Prior confidentiality agreements and, subsequently, the initial draft of the protocol and feasibility questionnaires, must be sent to the coordinator of each service or alternatively to the lead researcher (LR) responsible for the pathology.
The complete list of the coordinators and researchers, as well as their contact details, can be found in Annex I.

For global centre projects, a visit must be arranged with the general coordinator of the clinical research unit (CRU) (Annex I). For specific projects and trials, visits must be arranged with the coordinator of each service (Annex I). The basic details and features of the centre can be found in Annex II.

The project is evaluated by an internal scientific committee (GRICOBAD) which enables obtaining the approval of the centre. The approval of the centre is an indispensable condition for the clinical research ethics committee (CREC) to evaluate the project. The CREC of reference for the projects of the CRU of the ICO is the Germans Trias i Pujol University Hospital CREC.

The GRICOBAD meets weekly, while the CREC accepts projects from 1st to 5th of each month and holds its plenary meeting on the last Friday of each month.

To obtain the approval of the centre the trial protocol and the financial report must be sent to the secretary of the GRICOBAD before or at the same time it is sent to the CREC.


Secretary of the GRICOBAD Anna Woessner           awoessner@iconcologia.net
Technical Secretary of the CREC Àngels Fortes           avaluacionsceic.germanstrias@gencat.cat
President of the CREC  Dr.Magí Farre          mfarre.germanstrias@gencat.cat


The CREC has specific additional documentation to admit project applications which is available on the Hospital Universitari Germans Trias i Pujol website or the specific CREC site.
Further information on procedures of the CREC http://www.ceicgermanstrias.cat

The drafting and processing of clinical trial contracts is the responsibility of Carolina Soler. To avoid delays in the processing of the contract, it is recommended to start the proceedings as soon as the CREC has approved the project, or even prepare a preliminary draft before CREC approval if no major drawbacks are envisaged.

Person responsible for contract management:

Carolina Soler Soto    csoler@iconcologia.net
The most important aspects for consideration in the drafting and preparation of the contract, together with the financial and administrative aspects, are set out in Annex III.

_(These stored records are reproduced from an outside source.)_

lemma coeff_jacobi_poly_top_nonzero:
  assumes "a + b > -2"
  shows "coeff (jacobi_poly a b n) n \<noteq> 0"
proof -
  have "pochhammer (real n + a + b + 1) n > 0"
    using assms by (cases n) (auto intro!: pochhammer_pos)
  then show ?thesis
    by (simp add: coeff_jacobi_poly_top gbinomial_pochhammer' algebra_simps)
qed

lemma in_span_of_triangular_basis:
  fixes q :: "nat \<Rightarrow> 'a::field poly"
  assumes deg: "\<And>k. degree (q k) \<le> k" and top: "\<And>k. coeff (q k) k \<noteq> 0"
  shows "degree p \<le> n \<Longrightarrow> \<exists>c. p = (\<Sum>k\<le>n. smult (c k) (q k))"
proof (induction n arbitrary: p)
  case 0
  then show ?case
    using deg[of 0] top[of 0]
    by (intro exI[of _ "\<lambda>_. coeff p 0 / coeff (q 0) 0"]) (auto elim!: degree_eq_zeroE)
next
  case (Suc n)
  define d where "d = coeff p (Suc n) / coeff (q (Suc n)) (Suc n)"
  define r where "r = p - smult d (q (Suc n))"
  have r_top: "coeff r (Suc n) = 0"
    using top[of "Suc n"] by (simp add: r_def d_def)
  have r_le: "degree r \<le> Suc n"
    using Suc.prems deg[of "Suc n"] unfolding r_def by (intro degree_diff_le) auto
  have "degree r \<le> n"
  proof (rule ccontr)
    assume "\<not> degree r \<le> n"
    with r_le have "degree r = Suc n"
      by simp
    with r_top show False
      by (metis leading_coeff_0_iff nat.distinct(1) degree_0)
  qed
  then obtain c where "r = (\<Sum>k\<le>n. smult (c k) (q k))"
    using Suc.IH by blast
  then show ?case
    by (intro exI[of _ "c(Suc n := d)"]) (simp add: r_def algebra_simps)
qed

lemma polynomial_function_real_poly:
  fixes p :: "real \<Rightarrow> real"
  assumes "polynomial_function p"
  obtains q where "p = poly q"
proof -
  obtain A n where "p = (\<lambda>x. \<Sum>i\<le>n. A i * x ^ i)"
    using assms unfolding real_polynomial_function_eq[symmetric] real_polynomial_function_iff_sum
    by blast
  then have "p = poly (\<Sum>i\<le>n. monom (A i) i)"
    by (simp add: fun_eq_iff poly_sum poly_monom)
  then show thesis
    by (rule that)
qed

lemma polynomial_function_jacobiP: "polynomial_function (jacobiP a b n)"
  unfolding jacobiP_def real_polynomial_function_eq[symmetric]
  by (intro real_polynomial_function_sum real_polynomial_function.intros real_polynomial_function_power
      real_polynomial_function_divide real_polynomial_function_diff) auto

lemma polynomial_function_in_span_jacobiP:
  assumes "a + b > -2" and "polynomial_function p"
  obtains N c where "\<And>t. p t = (\<Sum>k<N. c k * jacobiP a b k t)"
proof -
  obtain q where q: "p = poly q"
    using assms(2) by (rule polynomial_function_real_poly)
  obtain c where c: "q = (\<Sum>k\<le>degree q. smult (c k) (jacobi_poly a b k))"
    using in_span_of_triangular_basis[of "jacobi_poly a b" q "degree q"]
      degree_jacobi_poly_le coeff_jacobi_poly_top_nonzero[OF assms(1)] by blast
  have "p t = (\<Sum>k<Suc (degree q). c k * jacobiP a b k t)" for t
    unfolding q lessThan_Suc_atMost by (subst (1) c) (simp add: poly_sum poly_jacobi_poly)
  then show thesis
    by (rule that)
qed

section \<open>Continuous functions are dense in \<open>L\<^sup>2\<close> of a finite Borel measure\<close>

lemma nn_integral_square_add_le:
  fixes u v :: "'a \<Rightarrow> real"
  assumes [measurable]: "u \<in> borel_measurable M" "v \<in> borel_measurable M"
  shows "(\<integral>\<^sup>+x. ennreal ((u x + v x)\<^sup>2) \<partial>M)
           \<le> 2 * (\<integral>\<^sup>+x. ennreal ((u x)\<^sup>2) \<partial>M) + 2 * (\<integral>\<^sup>+x. ennreal ((v x)\<^sup>2) \<partial>M)"
proof -
  have "ennreal ((u x + v x)\<^sup>2) \<le> 2 * ennreal ((u x)\<^sup>2) + 2 * ennreal ((v x)\<^sup>2)" for x
  proof -
    have "(u x + v x)\<^sup>2 \<le> 2 * (u x)\<^sup>2 + 2 * (v x)\<^sup>2"
      using zero_le_power2[of "u x - v x"] by (simp add: power2_eq_square algebra_simps)
    then have "ennreal ((u x + v x)\<^sup>2) \<le> ennreal (2 * (u x)\<^sup>2 + 2 * (v x)\<^sup>2)"
      by (rule ennreal_leI)
    also have "\<dots> = 2 * ennreal ((u x)\<^sup>2) + 2 * ennreal ((v x)\<^sup>2)"
      by (simp add: ennreal_plus ennreal_mult)
    finally show ?thesis .
  qed
  then have "(\<integral>\<^sup>+x. ennreal ((u x + v x)\<^sup>2) \<partial>M)
      \<le> (\<integral>\<^sup>+x. 2 * ennreal ((u x)\<^sup>2) + 2 * ennreal ((v x)\<^sup>2) \<partial>M)"
    by (intro nn_integral_mono)
  also have "\<dots> = 2 * (\<integral>\<^sup>+x. ennreal ((u x)\<^sup>2) \<partial>M) + 2 * (\<integral>\<^sup>+x. ennreal ((v x)\<^sup>2) \<partial>M)"
    by (simp add: nn_integral_add nn_integral_cmult)
  finally show ?thesis .
qed

lemma nn_integral_square_le_uniform:
  assumes "AE x in M. \<bar>a x\<bar> \<le> d"
  shows "(\<integral>\<^sup>+x. ennreal ((a x)\<^sup>2) \<partial>M) \<le> ennreal (d\<^sup>2) * emeasure M (space M)"
proof -
  have "AE x in M. ennreal ((a x)\<^sup>2) \<le> ennreal (d\<^sup>2)"
    using assms
  proof eventually_elim
    case (elim x)
    then have "\<bar>a x\<bar> \<le> \<bar>d\<bar>"
      by simp
    then show ?case
      by (simp add: abs_le_square_iff ennreal_leI)
  qed
  then have "(\<integral>\<^sup>+x. ennreal ((a x)\<^sup>2) \<partial>M) \<le> (\<integral>\<^sup>+x. ennreal (d\<^sup>2) \<partial>M)"
    by (rule nn_integral_mono_AE)
  then show ?thesis
    by simp
qed

lemma (in finite_measure) small_uniform_imp_small_nn_integral_square:
  fixes e :: real
  assumes "e > 0"
  obtains d where "d > 0"
    and "\<And>a. AE x in M. \<bar>a x\<bar> \<le> d \<Longrightarrow> (\<integral>\<^sup>+x. ennreal ((a x)\<^sup>2) \<partial>M) < ennreal e"
proof
  define m where "m = measure M (space M)"
  have "m \<ge> 0"
    by (simp add: m_def)
  then show "sqrt (e / (m + 1)) > 0"
    using assms by simp
  fix a assume "AE x in M. \<bar>a x\<bar> \<le> sqrt (e / (m + 1))"
  then have "(\<integral>\<^sup>+x. ennreal ((a x)\<^sup>2) \<partial>M) \<le> ennreal (e / (m + 1)) * ennreal m"
    using nn_integral_square_le_uniform assms by (fastforce simp: emeasure_eq_measure m_def)
  also have "\<dots> = ennreal (e * (m / (m + 1)))"
    using assms \<open>m \<ge> 0\<close> by (simp add: ennreal_mult[symmetric])
  also have "\<dots> < ennreal e"
    using assms \<open>m \<ge> 0\<close> by (intro ennreal_lessI) (auto simp: field_simps)
  finally show "(\<integral>\<^sup>+x. ennreal ((a x)\<^sup>2) \<partial>M) < ennreal e" .
qed

lemma abs_diff_floor_divide_le:
  fixes N y :: real
  assumes "N > 0"
  shows "\<bar>y - \<lfloor>N * y\<rfloor> / N\<bar> \<le> 1 / N"
proof -
  have frac: "0 \<le> N * y - \<lfloor>N * y\<rfloor>" "N * y - \<lfloor>N * y\<rfloor> \<le> 1"
    by linarith+
  have "y - \<lfloor>N * y\<rfloor> / N = (N * y - \<lfloor>N * y\<rfloor>) / N"
    using assms by (simp add: field_simps)
  then show ?thesis
    using frac assms by (simp add: divide_right_mono)
qed

lemma ennreal_two_mult_add_less:
  assumes "x < ennreal (e / 4)" and "y < ennreal (e / 4)"
  shows "2 * x + 2 * y < ennreal e"
proof -
  have "0 < ennreal (e / 4)"
    using assms(1) by (rule le_less_trans[OF zero_le])
  then have "e > 0"
    by simp
  have half: "2 * ennreal (e / 4) = ennreal (e / 2)"
    using ennreal_mult[of 2 "e / 4"] \<open>e > 0\<close> by simp
  have "2 * x < ennreal (e / 2)" and "2 * y < ennreal (e / 2)"
    unfolding half[symmetric] using assms by (auto intro: ennreal_mult_strict_left_mono)
  then have "2 * x + 2 * y < ennreal (e / 2 + e / 2)"
    by (rule add_mono_ennreal)
  also have "\<dots> = ennreal e"
    by simp
  finally show ?thesis .
qed

lemma uniform_approx_by_polynomial_comp:
  fixes g h :: "'a::topological_space \<Rightarrow> real"
  assumes S: "compact S" and g: "continuous_on S g" "inj_on g S"
    and h: "continuous_on S h" and "e > 0"
  obtains p where "polynomial_function p" and "\<And>x. x \<in> S \<Longrightarrow> \<bar>h x - p (g x)\<bar> < e"
proof -
  have "continuous_on (g ` S) (h \<circ> the_inv_into S g)"
    using h continuous_on_inv_into[OF g(1) S g(2)]
    by (intro continuous_on_compose) (simp_all add: the_inv_into_onto[OF g(2)])
  then obtain p where p: "real_polynomial_function p"
    and close: "\<And>y. y \<in> g ` S \<Longrightarrow> \<bar>(h \<circ> the_inv_into S g) y - p y\<bar> < e"
    using Stone_Weierstrass_real_polynomial_function[OF compact_continuous_image[OF g(1) S]] \<open>e > 0\<close>
    by blast
  show thesis
  proof (rule that)
    show "polynomial_function p"
      using p by (simp add: real_polynomial_function_eq)
    show "\<bar>h x - p (g x)\<bar> < e" if "x \<in> S" for x
      using close[of "g x"] that by (simp add: the_inv_into_f_f[OF g(2)])
  qed
qed

definition L2_limit_of_continuous :: "'a::topological_space measure \<Rightarrow> ('a \<Rightarrow> real) \<Rightarrow> bool" where
  "L2_limit_of_continuous M f \<longleftrightarrow>
     (\<forall>e>0. \<exists>h. continuous_on UNIV h \<and> (\<integral>\<^sup>+x. ennreal ((f x - h x)\<^sup>2) \<partial>M) < ennreal e)"

locale finite_borel_measure = finite_measure M for M :: "'a::euclidean_space measure" +
  assumes sets_eq_borel: "sets M = sets borel"
begin

declare sets_eq_borel [measurable_cong]

lemma continuous_imp_measurable:
  "continuous_on UNIV h \<Longrightarrow> h \<in> borel_measurable M"
  by (simp add: measurable_cong_sets[OF sets_eq_borel refl] borel_measurable_continuous_onI)

lemma L2_limit_of_continuous_continuous:
  assumes "continuous_on UNIV f"
  shows "L2_limit_of_continuous M f"
  unfolding L2_limit_of_continuous_def using assms by (intro allI impI exI[of _ f]) simp

lemma L2_limit_of_continuous_add:
  assumes [measurable]: "f \<in> borel_measurable M" "g \<in> borel_measurable M"
    and "L2_limit_of_continuous M f" "L2_limit_of_continuous M g"
  shows "L2_limit_of_continuous M (\<lambda>x. f x + g x)"
  unfolding L2_limit_of_continuous_def
proof (intro allI impI)
  fix e :: real assume "e > 0"
  then obtain h k where h: "continuous_on UNIV h"
      "(\<integral>\<^sup>+x. ennreal ((f x - h x)\<^sup>2) \<partial>M) < ennreal (e / 4)"
    and k: "continuous_on UNIV k" "(\<integral>\<^sup>+x. ennreal ((g x - k x)\<^sup>2) \<partial>M) < ennreal (e / 4)"
    using assms(3,4) unfolding L2_limit_of_continuous_def by (meson divide_pos_pos zero_less_numeral)
  note [measurable] = continuous_imp_measurable[OF h(1)] continuous_imp_measurable[OF k(1)]
  have "(f x + g x) - (h x + k x) = (f x - h x) + (g x - k x)" for x
    by simp
  then have "(\<integral>\<^sup>+x. ennreal (((f x + g x) - (h x + k x))\<^sup>2) \<partial>M)
      \<le> 2 * (\<integral>\<^sup>+x. ennreal ((f x - h x)\<^sup>2) \<partial>M) + 2 * (\<integral>\<^sup>+x. ennreal ((g x - k x)\<^sup>2) \<partial>M)"
    by (simp only:) (rule nn_integral_square_add_le; measurable)
  also have "\<dots> < ennreal e"
    using h k by (intro ennreal_two_mult_add_less)
  finally have "(\<integral>\<^sup>+x. ennreal ((f x + g x - (h x + k x))\<^sup>2) \<partial>M) < ennreal e" .
  moreover have "continuous_on UNIV (\<lambda>x. h x + k x)"
    using h k by (intro continuous_intros)
  ultimately show "\<exists>h. continuous_on UNIV h \<and> (\<integral>\<^sup>+x. ennreal ((f x + g x - h x)\<^sup>2) \<partial>M) < ennreal e"
    by (intro exI[of _ "\<lambda>x. h x + k x"] conjI)
qed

The start-up visit will be arranged with the coordinator of the service involved and the LR (Annex I).

It is useful to inform the trials nursing coordinator and the pharmacist in charge directly if you wish to ensure that they are at the same start-up visit or can attend the monitor on the same day as the rest of the team.

Trial pharmacy  Marta Munné  assaigsfarmacia_bad@iconcologia.net
Nursing coordinator Olga Fernández    aacc@iconcologia.net

Monitoring visits will be arranged with the coordinator of the service involved and the LR or the technician of the corresponding trial (Annex I), with the nursing coordinator and with the person in charge of the pharmacy (see paragraph five). The CRU financial-administrative manager will be informed of all monitoring in parallel.

Financial-administrative manager:

Carolina Soler    uicico_badalona@iconcologia.net
The closeout visits will be arranged in advance with the financial-administrative manager to perform the financial closeout of the trial.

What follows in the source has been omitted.